As another example, assuming that there are four users 1, 2, 3 and 4, each occupying 256 of 1024 subcarriers within 256 OFDM symbol times. At different OFDM symbol times, subcarrier positions of each user are pseudo-randomly allocated using the pseudo-random sequence output by the QPP interleaver provided in embodiments of the present disclosure. On the time-frequency domain resource image, the subcarriers occupied by a single user are represented as discrete point shapes. Referring to FIG. 8, as shown in FIG. 8, FIG. 8 is a schematic diagram of the radar detection image for User 1 when the available subcarriers for each user change at different OFDM symbol times. It can be seen from the figure that User 1 can clearly distinguish the other three users, and the detection effect is significantly better than the situation where the positions of the available subcarriers for each user remains fixed.

By implementing the embodiments of the present disclosure, the pseudo-random sequence can be used in a plurality of OFDM symbol times, such that subcarriers are randomly allocated to users to further reduce a correlation of signals from different users, thereby further improving detection performance of the integrated communication radar system.

Referring to FIG. 9, FIG. 9 is a flowchart of a multi-user OFDM subcarrier allocation method provided in embodiments of the present disclosure. The method is performed by a data receiving terminal.

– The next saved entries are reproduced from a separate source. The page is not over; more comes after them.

theorem lemma3p18:
  fixes E :: "'e set" and \<delta> :: "'e \<Rightarrow> 'e \<Rightarrow> real"
    and P :: "'w measure"
    and M :: nat and \<epsilon> L D :: real
    and Y :: "'e \<Rightarrow> nat \<Rightarrow> 'w \<Rightarrow> real"
    and Z :: "'e \<Rightarrow> 'w \<Rightarrow> real"
  assumes metric: "Metric_space E \<delta>"
    and nonempty: "E \<noteq> {}"
    and separable: "separable_space (Metric_space.mtopology E \<delta>)"
    and M_pos: "M \<ge> 1"
    and eps_pos: "\<epsilon> > 0" and L_pos: "L > 0" and D_pos: "D > 0"
    and prob: "prob_space P"
    and Y_meas: "\<And>x m. x \<in> E \<Longrightarrow> m \<in> {1..M} \<Longrightarrow> Y x m \<in> borel_measurable P"
    and Y_range: "\<And>x m \<eta>. x \<in> E \<Longrightarrow> m \<in> {1..M} \<Longrightarrow> \<eta> \<in> space P \<Longrightarrow>
                    0 \<le> Y x m \<eta> \<and> Y x m \<eta> \<le> D"
    and Y_indep: "\<And>x. x \<in> E \<Longrightarrow> prob_space.indep_vars P (\<lambda>_. borel) (Y x) {1..M}"
    and Y_lip: "\<And>x y m \<eta>. x \<in> E \<Longrightarrow> y \<in> E \<Longrightarrow> m \<in> {1..M} \<Longrightarrow> \<eta> \<in> space P \<Longrightarrow>
                    \<bar>Y x m \<eta> - Y y m \<eta>\<bar> \<le> L * \<delta> x y"
    and Z_def: "\<And>x \<eta>. Z x \<eta> = (\<Sum>m = 1..M. Y x m \<eta>) / real M"
  shows "(\<forall>x\<in>E. integrable P (\<lambda>\<eta>. \<bar>Z x \<eta>\<bar>) \<and> (\<integral>\<eta>. \<bar>Z x \<eta>\<bar> \<partial>P) \<le> D)
       \<and> (\<lambda>\<eta>. \<Squnion>x\<in>E. ennreal \<bar>Z x \<eta> - (\<integral>\<omega>. Z x \<omega> \<partial>P)\<bar>) \<in> borel_measurable P
       \<and> emeasure P {\<eta> \<in> space P. (\<Squnion>x\<in>E. ennreal \<bar>Z x \<eta> - (\<integral>\<omega>. Z x \<omega> \<partial>P)\<bar>) \<ge> ennreal \<epsilon>}
           \<le> 2 * ennreal_of_enat (covering_number E \<delta> (\<epsilon> / (4 * L)))
               * ennreal (exp (- (\<epsilon>\<^sup>2 * real M) / (2 * D\<^sup>2)))"
proof -
  interpret prob_space P
    by (rule prob)
  have Z_eq: "Z x = (\<lambda>\<eta>. (\<Sum>m\<in>{1..M}. Y x m \<eta>) / card {1..M})" for x
    using Z_def by auto
  have Z_meas: "Z x \<in> borel_measurable P" if "x \<in> E" for x
    unfolding Z_eq using Y_meas[OF that] by measurable
  have Z_bounded: "Z x \<eta> \<in> {0..D}" if "x \<in> E" "\<eta> \<in> space P" for x \<eta>
    unfolding Z_eq using M_pos Y_range[OF that(1) _ that(2)] by (intro mean_in_atLeastAtMost) auto
  have Z_int: "integrable P (Z x)" if "x \<in> E" for x
    using Z_meas[OF that] Z_bounded[OF that] by (intro integrable_const_bound[where B = D]) auto
  have Z_lip: "\<bar>Z x \<eta> - Z y \<eta>\<bar> \<le> L * \<delta> x y" if "x \<in> E" "y \<in> E" "\<eta> \<in> space P" for x y \<eta>
    unfolding Z_eq using M_pos that by (intro abs_mean_diff_le Y_lip) auto
  define c where "c = exp (- (\<epsilon>\<^sup>2 * real M) / (2 * D\<^sup>2))"
  have tail: "emeasure P {\<eta> \<in> space P. \<epsilon> / 2 \<le> \<bar>Z x \<eta> - expectation (Z x)\<bar>} \<le> ennreal (2 * c)"
    if "x \<in> E" for x
  proof -
    have "prob {\<eta> \<in> space P. \<epsilon> / 2 \<le> \<bar>Z x \<eta> - expectation (Z x)\<bar>}
        \<le> 2 * exp (-2 * real (card {1..M}) * (\<epsilon> / 2)\<^sup>2 / (D - 0)\<^sup>2)"
      unfolding Z_eq
      by (rule Hoeffding_sample_mean_abs_ge)
        (use Y_indep[OF that] Y_range[OF that] M_pos eps_pos D_pos in \<open>auto intro!: AE_I2\<close>)
    also have "\<dots> = 2 * c"
      unfolding c_def by (simp add: power2_eq_square field_simps)
    finally show ?thesis
      unfolding emeasure_eq_measure by (rule ennreal_leI)
  qed
  have Z_abs_integral: "\<forall>x\<in>E. integrable P (\<lambda>\<eta>. \<bar>Z x \<eta>\<bar>) \<and> (\<integral>\<eta>. \<bar>Z x \<eta>\<bar> \<partial>P) \<le> D"
    using Z_int Z_bounded by (auto intro!: integral_le_const AE_I2)
  have "emeasure P {\<eta> \<in> space P. ennreal \<epsilon> \<le> (\<Squnion>x\<in>E. ennreal \<bar>Z x \<eta> - expectation (Z x)\<bar>)}
      \<le> ennreal_of_enat (covering_number E \<delta> (\<epsilon> / (4 * L))) * ennreal (2 * c)"
    using metric L_pos eps_pos Z_int Z_lip tail
    by (intro emeasure_SUP_abs_centered_ge_le) (auto simp: c_def)
  also have "\<dots> = 2 * ennreal_of_enat (covering_number E \<delta> (\<epsilon> / (4 * L))) * ennreal c"
    by (subst ennreal_mult') (simp_all add: mult_ac)
  finally show ?thesis
    using Z_abs_integral borel_measurable_SUP_abs_centered[OF metric separable _ Z_int Z_lip] L_pos
    unfolding c_def by simp
qed

end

As shown in FIG. 9, the multi-user OFDM subcarrier allocation method may include the following step S901.

In step S901, according to configuration information, a pseudo-random subcarrier allocation manner for the data receiving terminal is determined.

Where the configuration information is configured by a network device or a core network device, agreed on by a protocol, or pre-configured; or the configuration information is configuration information of the pseudo-random subcarrier allocation manner for multi-user OFDM transmitted by a data transmitting terminal.

In the embodiments of the present disclosure, step S901 can be implemented through any one of the embodiments of the present disclosure, which is not limited and repeated in the embodiments of the present disclosure.

In an embodiment, the configuration information includes position indexes of subcarriers allocated to each user.

For example, the data receiving terminal can determine the frequency domain positions of available subcarriers according to the position indexes of subcarriers in the configuration information.

By implementing the embodiments of the present disclosure, subcarriers can be randomly allocated to the data receiving terminals to reduce a correlation of signals from different users, thereby improving detection performance of the integrated communication radar system.

Referring to FIG. 10, FIG. 10 is a flowchart of a multi-user OFDM subcarrier allocation method provided in embodiments of the present disclosure. The method is executed by a return signal receiving terminal. As shown in FIG. 10, the multi-user OFDM subcarrier allocation method may include the following step S1001.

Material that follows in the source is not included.